*** Opening of Available data ***
(* Let $T$ be a non-special Aronszajn tree and $\mathbb{P}$ an $\aleph_1$-$\sigma$-linked poset. Then $\mathbb{P}$ forces that $T$ is not special.
   Context: An Aronszajn tree (height $\omega_1$, countable levels and chains) is special if it is a union of countably many antichains. A poset $\mathbb{P}$ is $\aleph_1$-$\sigma$-linked if for every sequence $\langle p_\alpha:\alpha<\omega_1\rangle$ of conditions, $\{p_\alpha:\alpha<\omega_1\}$ is covered by countably many linked (pairwise compatible) subsets of $\mathbb{P}$. *)

theory Defs
  imports Main "HOL-Library.Countable_Set"
begin

definition pred_set :: "'a set \<Rightarrow> ('a \<Rightarrow> 'a \<Rightarrow> bool) \<Rightarrow> 'a \<Rightarrow> 'a set" where
  "pred_set T lt t = {s \<in> T. lt s t}"

text \<open>The (reflexive) well-order on the predecessors of t; its order type is the height of t.\<close>
definition pred_rel :: "'a set \<Rightarrow> ('a \<Rightarrow> 'a \<Rightarrow> bool) \<Rightarrow> 'a \<Rightarrow> 'a rel" where
  "pred_rel T lt t = {(x, y). x \<in> pred_set T lt t \<and> y \<in> pred_set T lt t \<and> (lt x y \<or> x = y)}"

definition is_tree :: "'a set \<Rightarrow> ('a \<Rightarrow> 'a \<Rightarrow> bool) \<Rightarrow> bool" where
  "is_tree T lt \<longleftrightarrow>
     (\<forall>x\<in>T. \<not> lt x x) \<and>
     (\<forall>x\<in>T. \<forall>y\<in>T. \<forall>z\<in>T. lt x y \<longrightarrow> lt y z \<longrightarrow> lt x z) \<and>
     (\<forall>t\<in>T. Well_order (pred_rel T lt t))"

definition tree_level :: "'a set \<Rightarrow> ('a \<Rightarrow> 'a \<Rightarrow> bool) \<Rightarrow> 'a \<Rightarrow> 'a set" where
  "tree_level T lt t = {u \<in> T. (pred_rel T lt u, pred_rel T lt t) \<in> ordIso}"

definition is_chain :: "'a set \<Rightarrow> ('a \<Rightarrow> 'a \<Rightarrow> bool) \<Rightarrow> 'a set \<Rightarrow> bool" where
  "is_chain T lt C \<longleftrightarrow> C \<subseteq> T \<and> (\<forall>x\<in>C. \<forall>y\<in>C. x = y \<or> lt x y \<or> lt y x)"

definition is_antichain :: "'a set \<Rightarrow> ('a \<Rightarrow> 'a \<Rightarrow> bool) \<Rightarrow> 'a set \<Rightarrow> bool" where
  "is_antichain T lt A \<longleftrightarrow> A \<subseteq> T \<and> (\<forall>x\<in>A. \<forall>y\<in>A. \<not> lt x y)"

text \<open>Aronszajn tree: height omega_1 (every node has countably many predecessors,
  and T is uncountable with countable levels, so all levels below omega_1 are nonempty),
  countable levels, countable chains.\<close>
definition aronszajn :: "'a set \<Rightarrow> ('a \<Rightarrow> 'a \<Rightarrow> bool) \<Rightarrow> bool" where
  "aronszajn T lt \<longleftrightarrow>
     is_tree T lt \<and>
     \<not> countable T \<and>
     (\<forall>t\<in>T. countable (pred_set T lt t)) \<and>
     (\<forall>t\<in>T. countable (tree_level T lt t)) \<and>
     (\<forall>C. is_chain T lt C \<longrightarrow> countable C)"

definition special :: "'a set \<Rightarrow> ('a \<Rightarrow> 'a \<Rightarrow> bool) \<Rightarrow> bool" where
  "special T lt \<longleftrightarrow> (\<exists>A :: nat \<Rightarrow> 'a set. (\<forall>n. is_antichain T lt (A n)) \<and> T = (\<Union>n. A n))"

text \<open>Forcing convention: le q p means q is stronger than (extends) p.\<close>
definition is_poset :: "'p set \<Rightarrow> ('p \<Rightarrow> 'p \<Rightarrow> bool) \<Rightarrow> bool" where
  "is_poset P le \<longleftrightarrow>
     (\<forall>p\<in>P. le p p) \<and>
     (\<forall>p\<in>P. \<forall>q\<in>P. \<forall>r\<in>P. le p q \<longrightarrow> le q r \<longrightarrow> le p r) \<and>
     (\<forall>p\<in>P. \<forall>q\<in>P. le p q \<longrightarrow> le q p \<longrightarrow> p = q)"

definition compatible :: "'p set \<Rightarrow> ('p \<Rightarrow> 'p \<Rightarrow> bool) \<Rightarrow> 'p \<Rightarrow> 'p \<Rightarrow> bool" where
  "compatible P le p q \<longleftrightarrow> (\<exists>r\<in>P. le r p \<and> le r q)"

definition linked :: "'p set \<Rightarrow> ('p \<Rightarrow> 'p \<Rightarrow> bool) \<Rightarrow> 'p set \<Rightarrow> bool" where
  "linked P le L \<longleftrightarrow> L \<subseteq> P \<and> (\<forall>p\<in>L. \<forall>q\<in>L. compatible P le p q)"

text \<open>aleph_1-sigma-linked: the range of every omega_1-sequence of conditions, i.e. every
  set of conditions of cardinality at most aleph_1, is covered by countably many linked sets.\<close>
definition aleph1_sigma_linked :: "'p set \<Rightarrow> ('p \<Rightarrow> 'p \<Rightarrow> bool) \<Rightarrow> bool" where
  "aleph1_sigma_linked P le \<longleftrightarrow>
     (\<forall>X \<subseteq> P. (card_of X, cardSuc (card_of (UNIV :: nat set))) \<in> ordLeq \<longrightarrow>
        (\<exists>L :: nat \<Rightarrow> 'p set. (\<forall>n. linked P le (L n)) \<and> X \<subseteq> (\<Union>n. L n)))"

text \<open>The condition p forces "T is special" iff there is a P-name for a function
  f : T \<rightarrow> omega that p forces to be injective on chains. Such a name is coded by
  F t n = the set of conditions below p forcing f(t) = n: for each t these sets are
  predense below p, and conditions forcing f(s) = n and f(t) = n for s <_T t are
  incompatible.\<close>
definition forces_special ::
  "'p set \<Rightarrow> ('p \<Rightarrow> 'p \<Rightarrow> bool) \<Rightarrow> 'a set \<Rightarrow> ('a \<Rightarrow> 'a \<Rightarrow> bool) \<Rightarrow> 'p \<Rightarrow> bool" where
  "forces_special P le T lt p \<longleftrightarrow>
     (\<exists>F :: 'a \<Rightarrow> nat \<Rightarrow> 'p set.
        (\<forall>t\<in>T. \<forall>n. F t n \<subseteq> {q \<in> P. le q p}) \<and>
        (\<forall>t\<in>T. \<forall>r\<in>P. le r p \<longrightarrow> (\<exists>n. \<exists>q\<in>F t n. compatible P le r q)) \<and>
        (\<forall>s\<in>T. \<forall>t\<in>T. lt s t \<longrightarrow>
            (\<forall>n. \<forall>q\<in>F s n. \<forall>r\<in>F t n. \<not> compatible P le q r)))"

definition forces_not_special ::
  "'p set \<Rightarrow> ('p \<Rightarrow> 'p \<Rightarrow> bool) \<Rightarrow> 'a set \<Rightarrow> ('a \<Rightarrow> 'a \<Rightarrow> bool) \<Rightarrow> bool" where
  "forces_not_special P le T lt \<longleftrightarrow> (\<forall>p\<in>P. \<not> forces_special P le T lt p)"

end

theory Submission
  imports Defs "HOL-Library.Countable_Set_Type"
begin

text \<open>Suppose a condition p forces a specialising function f : T \<rightarrow> \<omega>. For every node t pick
  a condition q(t) \<le> p and a number n(t) with q(t) \<Vdash> f(t) = n(t). An Aronszajn tree has
  \<aleph>1 nodes, so the conditions q(t) are covered by countably many linked sets L(m). Colour t
  by the pair (m, n(t)) with q(t) \<in> L(m): if s < t had the same colour, then q(s) and q(t) would
  be compatible conditions forcing f(s) = f(t). So this colouring specialises T already in the
  ground model.\<close>

unbundle cardinal_syntax

abbreviation aleph1 :: "nat set rel" where
  "aleph1 \<equiv> cardSuc |UNIV :: nat set|"

lemma Card_order_aleph1: "Card_order aleph1"
  by (simp add: cardSuc_Card_order card_of_Card_order)

lemma infinite_Field_aleph1: "infinite (Field aleph1)"
  using cardSuc_finite[OF card_of_Card_order, of "UNIV :: nat set"] by (simp add: Field_card_of)

lemma countable_ordLess_aleph1: "countable A \<Longrightarrow> |A| <o aleph1"
  using countable_card_of_nat cardSuc_greater[OF card_of_Card_order] ordLeq_ordLess_trans
  by blast

lemma ordLess_Card_order_if_card_of_Field_ordLess:
  assumes "Well_order r" and "Card_order k" and "|Field r| <o k"
  shows "r <o k"
proof (rule ccontr)
  assume "\<not> r <o k"
  then have "k \<le>o r"
    using assms(1,2) ordLess_or_ordLeq card_order_on_well_order_on by blast
  then have "|Field k| \<le>o |Field r|" by (rule card_of_mono2)
  then have "k \<le>o |Field r|"
    using card_of_Field_ordIso[OF assms(2)] ordIso_ordLeq_trans ordIso_symmetric by blast
  then show False using assms(3) not_ordLess_ordLeq by blast
qed

lemma card_of_ordLeq_aleph1_if_countable_fibres:
  assumes "h ` A \<subseteq> Field aleph1" and "\<And>a. countable {x \<in> A. h x = a}"
  shows "|A| \<le>o aleph1"
proof -
  have "|h ` A| \<le>o aleph1"
    using card_of_mono1[OF assms(1)] card_of_Field_ordIso[OF Card_order_aleph1]
    by (rule ordLeq_ordIso_trans)
  moreover have "\<forall>a \<in> h ` A. |{x \<in> A. h x = a}| \<le>o aleph1"
    using assms(2) by (intro ballI ordLess_imp_ordLeq countable_ordLess_aleph1)
  ultimately have "|\<Union>a \<in> h ` A. {x \<in> A. h x = a}| \<le>o aleph1"
    by (rule card_of_UNION_ordLeq_infinite_Field[OF infinite_Field_aleph1 Card_order_aleph1])
  moreover have "(\<Union>a \<in> h ` A. {x \<in> A. h x = a}) = A" by blast
  ultimately show ?thesis by simp
qed

lemma Field_pred_rel: "Field (pred_rel T lt t) = pred_set T lt t"
  unfolding pred_rel_def Field_def by auto

lemma Well_order_pred_rel: "is_tree T lt \<Longrightarrow> t \<in> T \<Longrightarrow> Well_order (pred_rel T lt t)"
  unfolding is_tree_def by blast

lemma pred_rel_ordLess_aleph1:
  assumes "is_tree T lt" and "t \<in> T" and "countable (pred_set T lt t)"
  shows "pred_rel T lt t <o aleph1"
proof (rule ordLess_Card_order_if_card_of_Field_ordLess)
  show "Well_order (pred_rel T lt t)" using assms(1,2) by (rule Well_order_pred_rel)
  show "|Field (pred_rel T lt t)| <o aleph1"
    unfolding Field_pred_rel using countable_ordLess_aleph1[OF assms(3)] .
qed (rule Card_order_aleph1)

lemma pred_rel_ordIso_initial_segment_aleph1:
  assumes "is_tree T lt" and "t \<in> T" and "countable (pred_set T lt t)"
  shows "\<exists>a. a \<in> Field aleph1 \<and> pred_rel T lt t =o Restr aleph1 (underS aleph1 a)"
  using ordLess_iff_ordIso_Restr[OF cardSuc_Well_order[OF card_of_Card_order[of "UNIV :: nat set"]]
      Well_order_pred_rel[OF assms(1,2)]]
    pred_rel_ordLess_aleph1[OF assms]
  by (simp add: Bex_def)

text \<open>The height of a node is the point of \<aleph>1 whose initial segment is isomorphic to the
  order of its predecessors; nodes of equal height lie on one level.\<close>

lemma tree_card_of_ordLeq_aleph1:
  assumes tree: "is_tree T lt"
    and countable_preds: "\<forall>t\<in>T. countable (pred_set T lt t)"
    and countable_levels: "\<forall>t\<in>T. countable (tree_level T lt t)"
  shows "|T| \<le>o aleph1"
proof -
  have "\<forall>t\<in>T. \<exists>a. a \<in> Field aleph1 \<and> pred_rel T lt t =o Restr aleph1 (underS aleph1 a)"
    by (intro ballI pred_rel_ordIso_initial_segment_aleph1[OF tree] countable_preds[rule_format])
  then have "\<exists>height. \<forall>t\<in>T. height t \<in> Field aleph1 \<and>
      pred_rel T lt t =o Restr aleph1 (underS aleph1 (height t))"
    by (rule bchoice)
  then obtain height where height: "\<forall>t\<in>T. height t \<in> Field aleph1 \<and>
      pred_rel T lt t =o Restr aleph1 (underS aleph1 (height t))" ..
  show ?thesis
  proof (rule card_of_ordLeq_aleph1_if_countable_fibres)
    show "height ` T \<subseteq> Field aleph1" using height by blast
  next
    fix a
    show "countable {t \<in> T. height t = a}"
    proof (cases "a \<in> height ` T")
      case True
      then obtain t where t: "t \<in> T" "height t = a" by blast
      have "{u \<in> T. height u = a} \<subseteq> tree_level T lt t"
      proof (intro subsetI)
        fix u assume u: "u \<in> {u \<in> T. height u = a}"
        have "pred_rel T lt u =o Restr aleph1 (underS aleph1 a)" using height u by auto
        moreover have "pred_rel T lt t =o Restr aleph1 (underS aleph1 a)" using height t by auto
        ultimately have "pred_rel T lt u =o pred_rel T lt t"
          by (rule ordIso_transitive[OF _ ordIso_symmetric])
        then show "u \<in> tree_level T lt t" using u unfolding tree_level_def by blast
      qed
      then show ?thesis using countable_levels t countable_subset by blast
    next
      case False
      then have "{t \<in> T. height t = a} = {}" by auto
      then show ?thesis by (metis countable_empty)
    qed
  qed
qed

lemma special_if_colouring:
  fixes colour :: "'a \<Rightarrow> 'b :: countable"
  assumes "\<And>s t. s \<in> T \<Longrightarrow> t \<in> T \<Longrightarrow> lt s t \<Longrightarrow> colour s \<noteq> colour t"
  shows "special T lt"
  unfolding special_def
proof (intro exI conjI allI)
  fix n
  show "is_antichain T lt {t \<in> T. to_nat (colour t) = n}"
    unfolding is_antichain_def by (auto dest: assms)
qed auto

lemma special_if_forces_special:
  fixes T :: "'a set" and P :: "'p set"
  assumes "aleph1_sigma_linked P le" and "|T| \<le>o aleph1"
    and "p \<in> P" and "le p p" and "forces_special P le T lt p"
  shows "special T lt"
proof -
  obtain F :: "'a \<Rightarrow> nat \<Rightarrow> 'p set" where
    below_p: "\<forall>t\<in>T. \<forall>n. F t n \<subseteq> {q \<in> P. le q p}" and
    predense: "\<forall>t\<in>T. \<forall>r\<in>P. le r p \<longrightarrow> (\<exists>n. \<exists>q\<in>F t n. compatible P le r q)" and
    incompatible: "\<forall>s\<in>T. \<forall>t\<in>T. lt s t \<longrightarrow> (\<forall>n. \<forall>q\<in>F s n. \<forall>r\<in>F t n. \<not> compatible P le q r)"
    using assms(5) unfolding forces_special_def by blast
  have "\<forall>t\<in>T. \<exists>n. F t n \<noteq> {}" using predense assms(3,4) by blast
  then have "\<exists>n. \<forall>t\<in>T. F t (n t) \<noteq> {}" by (rule bchoice)
  then obtain n where n: "\<forall>t\<in>T. F t (n t) \<noteq> {}" ..
  define q where "q t = (SOME q. q \<in> F t (n t))" for t
  have q: "q t \<in> F t (n t)" if "t \<in> T" for t
    unfolding q_def using n that by (simp add: some_in_eq)
  have q_in_P: "q ` T \<subseteq> P" using q below_p by blast
  have q_card: "|q ` T| \<le>o aleph1"
    using card_of_image assms(2) by (rule ordLeq_transitive)
  obtain L :: "nat \<Rightarrow> 'p set" where
    linked: "\<And>m. linked P le (L m)" and cover: "q ` T \<subseteq> (\<Union>m. L m)"
    using assms(1)[unfolded aleph1_sigma_linked_def, rule_format, OF q_in_P q_card] by blast
  have "\<forall>t\<in>T. \<exists>m. q t \<in> L m" using cover by blast
  then have "\<exists>m. \<forall>t\<in>T. q t \<in> L (m t)" by (rule bchoice)
  then obtain m where m: "\<forall>t\<in>T. q t \<in> L (m t)" ..
  show ?thesis
  proof (rule special_if_colouring[where colour = "\<lambda>t. (m t, n t)"])
    fix s t assume s: "s \<in> T" and t: "t \<in> T" and "lt s t"
    show "(m s, n s) \<noteq> (m t, n t)"
    proof
      assume same: "(m s, n s) = (m t, n t)"
      then have "q s \<in> L (m t)" and "q t \<in> L (m t)" using m s t by auto
      then have "compatible P le (q s) (q t)" using linked[of "m t"] unfolding linked_def by blast
      moreover have "q s \<in> F s (n t)" using q[OF s] same by simp
      ultimately show False using incompatible q[OF t] s t \<open>lt s t\<close> by blast
    qed
  qed
qed

theorem lemma4:
  fixes T :: "'a set" and lt :: "'a \<Rightarrow> 'a \<Rightarrow> bool"
    and P :: "'p set" and le :: "'p \<Rightarrow> 'p \<Rightarrow> bool"
  assumes "aronszajn T lt" and "\<not> special T lt"
    and "is_poset P le" and "aleph1_sigma_linked P le"
  shows "forces_not_special P le T lt"
proof -
  have "is_tree T lt" and "\<forall>t\<in>T. countable (pred_set T lt t)"
    and "\<forall>t\<in>T. countable (tree_level T lt t)"
    using assms(1) unfolding aronszajn_def by blast+
  then have "|T| \<le>o aleph1" by (rule tree_card_of_ordLeq_aleph1)
  have "special T lt" if "p \<in> P" and "forces_special P le T lt p" for p
  proof (rule special_if_forces_special[OF assms(4) \<open>|T| \<le>o aleph1\<close> that(1) _ that(2)])
    show "le p p" using assms(3) that(1) unfolding is_poset_def by blast
  qed
  then show ?thesis using assms(2) unfolding forces_not_special_def by blast
qed

end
*** Close of Available data ***
§ **Brief**:
Would you retype exactly the lines above, from the line with "then show False" to the line with "using assms(2) by", with both end lines kept and nothing more?

§ **Response to the task**:
  then show False using assms(3) not_ordLess_ordLeq by blast
qed

lemma card_of_ordLeq_aleph1_if_countable_fibres:
  assumes "h ` A \<subseteq> Field aleph1" and "\<And>a. countable {x \<in> A. h x = a}"
  shows "|A| \<le>o aleph1"
proof -
  have "|h ` A| \<le>o aleph1"
    using card_of_mono1[OF assms(1)] card_of_Field_ordIso[OF Card_order_aleph1]
    by (rule ordLeq_ordIso_trans)
  moreover have "\<forall>a \<in> h ` A. |{x \<in> A. h x = a}| \<le>o aleph1"
    using assms(2) by (intro ballI ordLess_imp_ordLeq countable_ordLess_aleph1)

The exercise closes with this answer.